Information shown Block Start

lemma (in prob_space) nn_integral_sqrt_le:
  fixes Q :: "'a \<Rightarrow> real"
  assumes Q: "integrable M Q" "\<And>x. 0 \<le> Q x" and EQ: "expectation Q \<le> c\<^sup>2" and c: "0 < c"
  shows "(\<integral>\<^sup>+x. ennreal (sqrt (Q x)) \<partial>M) \<le> ennreal c"
proof -
  have am_gm: "sqrt (Q x) \<le> c / 2 + Q x / (2 * c)" for x
  proof -
    have "0 \<le> (sqrt (Q x) - c)\<^sup>2"
      by simp
    then show ?thesis
      using Q(2)[of x] c by (simp add: power2_diff power2_eq_square field_simps)
  qed
  have "(\<integral>\<^sup>+x. ennreal (sqrt (Q x)) \<partial>M) \<le> (\<integral>\<^sup>+x. ennreal (c / 2 + Q x / (2 * c)) \<partial>M)"
    by (intro nn_integral_mono ennreal_leI am_gm)
  also have "\<dots> = ennreal (\<integral>x. c / 2 + Q x / (2 * c) \<partial>M)"
    using Q c by (intro nn_integral_eq_integral) auto
  also have "\<dots> = ennreal (c / 2 + expectation Q / (2 * c))"
    using Q(1) by (simp add: prob_space)
  also have "\<dots> \<le> ennreal c"
    using EQ c by (intro ennreal_leI) (simp add: field_simps power2_eq_square)
  finally show ?thesis .
qed

lemma nn_integral_gauss_vec_sqrt_sum_inner_sq_le:
  fixes B :: "(real^'n) set"
  assumes "finite B" "B \<noteq> {}" and unit: "\<And>b. b \<in> B \<Longrightarrow> norm b = 1"
  shows "(\<integral>\<^sup>+v. ennreal (sqrt (\<Sum>b\<in>B. (b \<bullet> v)\<^sup>2 / (v \<bullet> v))) \<partial>gauss_vec)
      \<le> ennreal (sqrt (real (card B) / real CARD('n)))"
proof -
  interpret prob_space "gauss_vec :: (real^'n) measure"
    by (rule prob_space_gauss_vec)
  show ?thesis
  proof (rule nn_integral_sqrt_le)
    show "integrable gauss_vec (\<lambda>v. \<Sum>b\<in>B. (b \<bullet> v)\<^sup>2 / (v \<bullet> v))"
      by (intro Bochner_Integration.integrable_sum integrable_inner_sq_div_inner)
    have "expectation (\<lambda>v. \<Sum>b\<in>B. (b \<bullet> v)\<^sup>2 / (v \<bullet> v))
        = (\<Sum>b\<in>B. expectation (\<lambda>v. (b \<bullet> v)\<^sup>2 / (v \<bullet> v)))"
      by (simp add: integrable_inner_sq_div_inner)
    also have "\<dots> \<le> (\<Sum>b\<in>B. 1 / real CARD('n))"
      by (intro sum_mono integral_inner_sq_div_inner_le unit)
    finally show "expectation (\<lambda>v. \<Sum>b\<in>B. (b \<bullet> v)\<^sup>2 / (v \<bullet> v)) \<le> (sqrt (real (card B) / real CARD('n)))\<^sup>2"
      by simp
    show "0 < sqrt (real (card B) / real CARD('n))"
      using assms(1,2) by (simp add: card_gt_0_iff)
  qed (simp add: sum_nonneg)
qed

lemma norm_diff_le_integral_norm_vector_derivative:
  fixes \<gamma> :: "real \<Rightarrow> 'a::euclidean_space"
  assumes "\<gamma> C1_differentiable_on {0..1}"
  shows "norm (\<gamma> 1 - \<gamma> 0) \<le> integral {0..1} (\<lambda>t. norm (vector_derivative \<gamma> (at t)))"
proof -
  obtain \<gamma>' where \<gamma>': "\<And>t. t \<in> {0..1} \<Longrightarrow> (\<gamma> has_vector_derivative \<gamma>' t) (at t)"
    and cont: "continuous_on {0..1} \<gamma>'"
    using assms unfolding C1_differentiable_on_def by blast
  have vd: "vector_derivative \<gamma> (at t) = \<gamma>' t" if "t \<in> {0..1}" for t
    using \<gamma>'[OF that] by (rule vector_derivative_at)
  have "(\<gamma>' has_integral (\<gamma> 1 - \<gamma> 0)) {0..1}"
    by (rule fundamental_theorem_of_calculus) (use \<gamma>' in \<open>auto intro: has_vector_derivative_at_within\<close>)
  then have ftc: "integral {0..1} \<gamma>' = \<gamma> 1 - \<gamma> 0" and int: "\<gamma>' integrable_on {0..1}"
    by (auto simp: integral_unique has_integral_integrable)
  have "(\<lambda>t. norm (\<gamma>' t)) integrable_on {0..1}"
    by (intro integrable_continuous_interval continuous_on_norm cont)
  then have int_norm: "(\<lambda>t. norm (vector_derivative \<gamma> (at t))) integrable_on {0..1}"
    by (rule integrable_eq) (simp add: vd)
  show ?thesis
    unfolding ftc[symmetric]
    by (rule integral_norm_bound_integral[OF int int_norm]) (simp add: vd)
qed

lemma norm_diff_le_geodesic_dist: "ereal (norm (x - y)) \<le> geodesic_dist M x y"
  unfolding geodesic_dist_def
proof (rule Inf_greatest, clarify)
  fix \<gamma> :: "real \<Rightarrow> real^'n"
  assume "\<gamma> C1_differentiable_on {0..1}"
  then have "norm (\<gamma> 0 - \<gamma> 1) \<le> integral {0..1} (\<lambda>t. norm (vector_derivative \<gamma> (at t)))"
    by (metis norm_minus_commute norm_diff_le_integral_norm_vector_derivative)
  then show "ereal (norm (\<gamma> 0 - \<gamma> 1)) \<le> ereal (integral {0..1} (\<lambda>t. norm (vector_derivative \<gamma> (at t))))"
    by simp
qed

lemma manifold_margin_lin_clf_eq_infinity:
  assumes "\<And>x. x \<in> D \<Longrightarrow> v \<bullet> x = 0"
  shows "manifold_margin M (lin_clf v) D = \<infinity>"
proof -
  have "{geodesic_dist M x1 x2 | x1 x2. x1 \<in> D \<and> x2 \<in> D \<and> lin_clf v x1 \<noteq> lin_clf v x2} = {}"
    using assms by (auto simp: lin_clf_def)
  then show ?thesis
    unfolding manifold_margin_def by (simp only: Inf_empty) (simp add: top_ereal_def)
qed

lemma manifold_margin_lin_clf_ge:
  fixes v w :: "real^'n"
  assumes "D \<subseteq> M" and agree: "\<And>x. x \<in> M \<Longrightarrow> v \<bullet> x = w \<bullet> x" and "w \<noteq> 0"
    and m: "\<And>x. x \<in> D \<Longrightarrow> m \<le> \<bar>v \<bullet> x\<bar>"
  shows "ereal (m / norm w) \<le> manifold_margin M (lin_clf v) D"
proof -
  have "ereal (2 * m / norm w) \<le> geodesic_dist M x1 x2"
    if x: "x1 \<in> D" "x2 \<in> D" "lin_clf v x1 \<noteq> lin_clf v x2" for x1 x2
  proof -
    have "2 * m \<le> \<bar>v \<bullet> x1\<bar> + \<bar>v \<bullet> x2\<bar>"
      using m[OF x(1)] m[OF x(2)] by linarith
    also have "\<dots> = \<bar>v \<bullet> x1 - v \<bullet> x2\<bar>"
      using x(3) by (auto simp: lin_clf_def split: if_splits)
    also have "\<dots> = \<bar>w \<bullet> (x1 - x2)\<bar>"
      using x(1,2) assms(1) by (simp add: agree subsetD inner_diff_right)
    also have "\<dots> \<le> norm w * norm (x1 - x2)"
      by (rule Cauchy_Schwarz_ineq2)
    finally have "2 * m / norm w \<le> norm (x1 - x2)"
      using \<open>w \<noteq> 0\<close> by (simp add: divide_le_eq mult.commute)
    then show ?thesis
      using norm_diff_le_geodesic_dist[of x1 x2 M] order_trans ereal_less_eq(3) by blast
  qed
  then have "ereal (2 * m / norm w)
      \<le> Inf {geodesic_dist M x1 x2 | x1 x2. x1 \<in> D \<and> x2 \<in> D \<and> lin_clf v x1 \<noteq> lin_clf v x2}"
    by (intro Inf_greatest) blast
  then have "ereal (1/2) * ereal (2 * m / norm w) \<le> manifold_margin M (lin_clf v) D"
    unfolding manifold_margin_def by (rule ereal_mult_left_mono) simp
  then show ?thesis
    by simp
qed

lemma lin_clf_flip_step:
  fixes v x :: "real^'n"
  assumes "v \<noteq> 0" "0 < e"
  obtains \<delta> where "lin_clf v x \<noteq> lin_clf v (x + \<delta>)" "norm \<delta> = \<bar>v \<bullet> x\<bar> / norm v + e"
proof -
  \<comment> \<open>The slack \<open>e\<close> is needed because the hyperplane itself belongs to class 1.\<close>
  define \<sigma> :: real where "\<sigma> = (if 0 \<le> v \<bullet> x then 1 else -1)"
  define \<delta> where "\<delta> = (- \<sigma> * (\<bar>v \<bullet> x\<bar> / norm v + e) / norm v) *\<^sub>R v"
  have "v \<bullet> (x + \<delta>) = v \<bullet> x - \<sigma> * (\<bar>v \<bullet> x\<bar> + e * norm v)"
    using assms(1) by (simp add: \<delta>_def inner_add_right dot_square_norm power2_eq_square field_simps)
  moreover have "0 < e * norm v"
    using assms by simp
  ultimately have "lin_clf v x \<noteq> lin_clf v (x + \<delta>)"
    by (auto simp: lin_clf_def \<sigma>_def)
  moreover have "norm \<delta> = \<bar>v \<bullet> x\<bar> / norm v + e"
    using assms by (simp add: \<delta>_def \<sigma>_def abs_mult)
  ultimately show ?thesis
    by (rule that)
qed

lemma eucl_margin_lin_clf_le:
  assumes "x \<in> D" "v \<noteq> 0"
  shows "eucl_margin (lin_clf v) D \<le> ereal (\<bar>v \<bullet> x\<bar> / norm v)"
proof (rule ereal_le_epsilon2)
  fix e :: real
  assume "0 < e"
  with assms(2) obtain \<delta> where \<delta>: "lin_clf v x \<noteq> lin_clf v (x + \<delta>)" "norm \<delta> = \<bar>v \<bullet> x\<bar> / norm v + e"
    by (rule lin_clf_flip_step)
  have "eucl_margin (lin_clf v) D \<le> ereal (norm \<delta>)"
    unfolding eucl_margin_def using assms(1) \<delta>(1) by (intro INF_lower2[of x] INF_lower) auto
  then show "eucl_margin (lin_clf v) D \<le> ereal (\<bar>v \<bullet> x\<bar> / norm v) + ereal e"
    using \<delta>(2) by simp
qed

Information shown Block End

*Task prompt*.
Pick out all lines from the data above in which the word "partial" appears.

*Task solution*.
  shows "(\<integral>\<^sup>+x. ennreal (sqrt (Q x)) \<partial>M) \<le> ennreal c"
  have "(\<integral>\<^sup>+x. ennreal (sqrt (Q x)) \<partial>M) \<le> (\<integral>\<^sup>+x. ennreal (c / 2 + Q x / (2 * c)) \<partial>M)"
  also have "\<dots> = ennreal (\<integral>x. c / 2 + Q x / (2 * c) \<partial>M)"
  shows "(\<integral>\<^sup>+v. ennreal (sqrt (\<Sum>b\<in>B. (b \<bullet> v)\<^sup>2 / (v \<bullet> v))) \<partial>gauss_vec)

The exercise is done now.